Input >>
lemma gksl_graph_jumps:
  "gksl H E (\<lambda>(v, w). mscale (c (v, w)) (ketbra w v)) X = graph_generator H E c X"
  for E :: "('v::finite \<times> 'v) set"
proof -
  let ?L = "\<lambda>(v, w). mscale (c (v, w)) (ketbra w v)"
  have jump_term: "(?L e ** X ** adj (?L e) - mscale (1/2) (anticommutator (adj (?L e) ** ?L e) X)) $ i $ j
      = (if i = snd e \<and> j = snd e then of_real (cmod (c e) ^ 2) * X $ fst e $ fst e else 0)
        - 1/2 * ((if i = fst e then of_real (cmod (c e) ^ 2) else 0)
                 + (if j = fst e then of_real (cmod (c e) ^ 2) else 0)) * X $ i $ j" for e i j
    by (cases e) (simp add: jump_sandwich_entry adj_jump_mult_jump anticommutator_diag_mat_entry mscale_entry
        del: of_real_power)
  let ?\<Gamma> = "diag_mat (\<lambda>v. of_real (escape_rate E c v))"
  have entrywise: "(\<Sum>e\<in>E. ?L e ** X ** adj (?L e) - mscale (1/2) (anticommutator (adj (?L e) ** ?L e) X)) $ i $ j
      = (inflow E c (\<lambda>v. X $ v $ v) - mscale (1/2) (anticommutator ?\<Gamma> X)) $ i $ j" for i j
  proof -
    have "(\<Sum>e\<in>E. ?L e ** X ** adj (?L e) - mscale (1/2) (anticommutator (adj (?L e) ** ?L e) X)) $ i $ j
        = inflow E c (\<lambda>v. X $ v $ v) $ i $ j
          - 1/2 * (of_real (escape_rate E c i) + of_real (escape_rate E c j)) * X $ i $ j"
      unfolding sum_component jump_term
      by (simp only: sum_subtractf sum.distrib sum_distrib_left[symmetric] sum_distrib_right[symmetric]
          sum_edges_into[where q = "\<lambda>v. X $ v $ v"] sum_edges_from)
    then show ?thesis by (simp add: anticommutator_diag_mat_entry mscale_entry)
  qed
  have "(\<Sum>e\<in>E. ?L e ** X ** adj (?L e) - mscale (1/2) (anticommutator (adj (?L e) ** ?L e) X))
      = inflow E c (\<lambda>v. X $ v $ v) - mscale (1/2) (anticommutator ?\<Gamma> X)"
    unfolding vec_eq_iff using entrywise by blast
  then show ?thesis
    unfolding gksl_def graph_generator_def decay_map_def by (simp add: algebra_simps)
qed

--

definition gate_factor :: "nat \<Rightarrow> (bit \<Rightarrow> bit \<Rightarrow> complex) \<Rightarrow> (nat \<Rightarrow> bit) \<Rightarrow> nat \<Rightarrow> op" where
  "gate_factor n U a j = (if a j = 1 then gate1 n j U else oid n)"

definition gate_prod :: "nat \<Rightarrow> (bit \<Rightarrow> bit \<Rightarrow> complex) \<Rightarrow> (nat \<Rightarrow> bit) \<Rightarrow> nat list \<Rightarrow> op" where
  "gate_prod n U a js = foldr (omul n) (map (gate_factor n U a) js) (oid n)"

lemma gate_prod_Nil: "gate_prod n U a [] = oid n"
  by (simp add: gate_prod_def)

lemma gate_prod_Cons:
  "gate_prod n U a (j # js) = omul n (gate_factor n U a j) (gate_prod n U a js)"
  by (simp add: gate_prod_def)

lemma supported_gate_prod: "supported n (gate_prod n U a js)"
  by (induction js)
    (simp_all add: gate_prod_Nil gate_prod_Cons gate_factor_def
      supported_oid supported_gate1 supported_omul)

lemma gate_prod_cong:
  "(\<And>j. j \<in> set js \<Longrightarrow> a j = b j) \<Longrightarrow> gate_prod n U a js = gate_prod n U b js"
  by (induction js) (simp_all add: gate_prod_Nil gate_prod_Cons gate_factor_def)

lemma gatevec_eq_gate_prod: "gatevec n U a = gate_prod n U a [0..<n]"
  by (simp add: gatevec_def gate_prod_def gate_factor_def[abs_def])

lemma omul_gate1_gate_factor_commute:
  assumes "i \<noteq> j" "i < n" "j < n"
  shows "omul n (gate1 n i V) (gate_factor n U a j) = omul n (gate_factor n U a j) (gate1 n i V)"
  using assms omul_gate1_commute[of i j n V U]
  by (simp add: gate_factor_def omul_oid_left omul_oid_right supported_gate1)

Problem statement >>
Within the data above, the lines from the one with "n (gate_prod n" to the one with "by (simp add: gate_factor_def" must be repeated exactly; no other line belongs in the answer.

Task solution >>
lemma supported_gate_prod: "supported n (gate_prod n U a js)"
  by (induction js)
    (simp_all add: gate_prod_Nil gate_prod_Cons gate_factor_def
      supported_oid supported_gate1 supported_omul)

lemma gate_prod_cong:
  "(\<And>j. j \<in> set js \<Longrightarrow> a j = b j) \<Longrightarrow> gate_prod n U a js = gate_prod n U b js"
  by (induction js) (simp_all add: gate_prod_Nil gate_prod_Cons gate_factor_def)

lemma gatevec_eq_gate_prod: "gatevec n U a = gate_prod n U a [0..<n]"
  by (simp add: gatevec_def gate_prod_def gate_factor_def[abs_def])

lemma omul_gate1_gate_factor_commute:
  assumes "i \<noteq> j" "i < n" "j < n"
  shows "omul n (gate1 n i V) (gate_factor n U a j) = omul n (gate_factor n U a j) (gate1 n i V)"
  using assms omul_gate1_commute[of i j n V U]
  by (simp add: gate_factor_def omul_oid_left omul_oid_right supported_gate1)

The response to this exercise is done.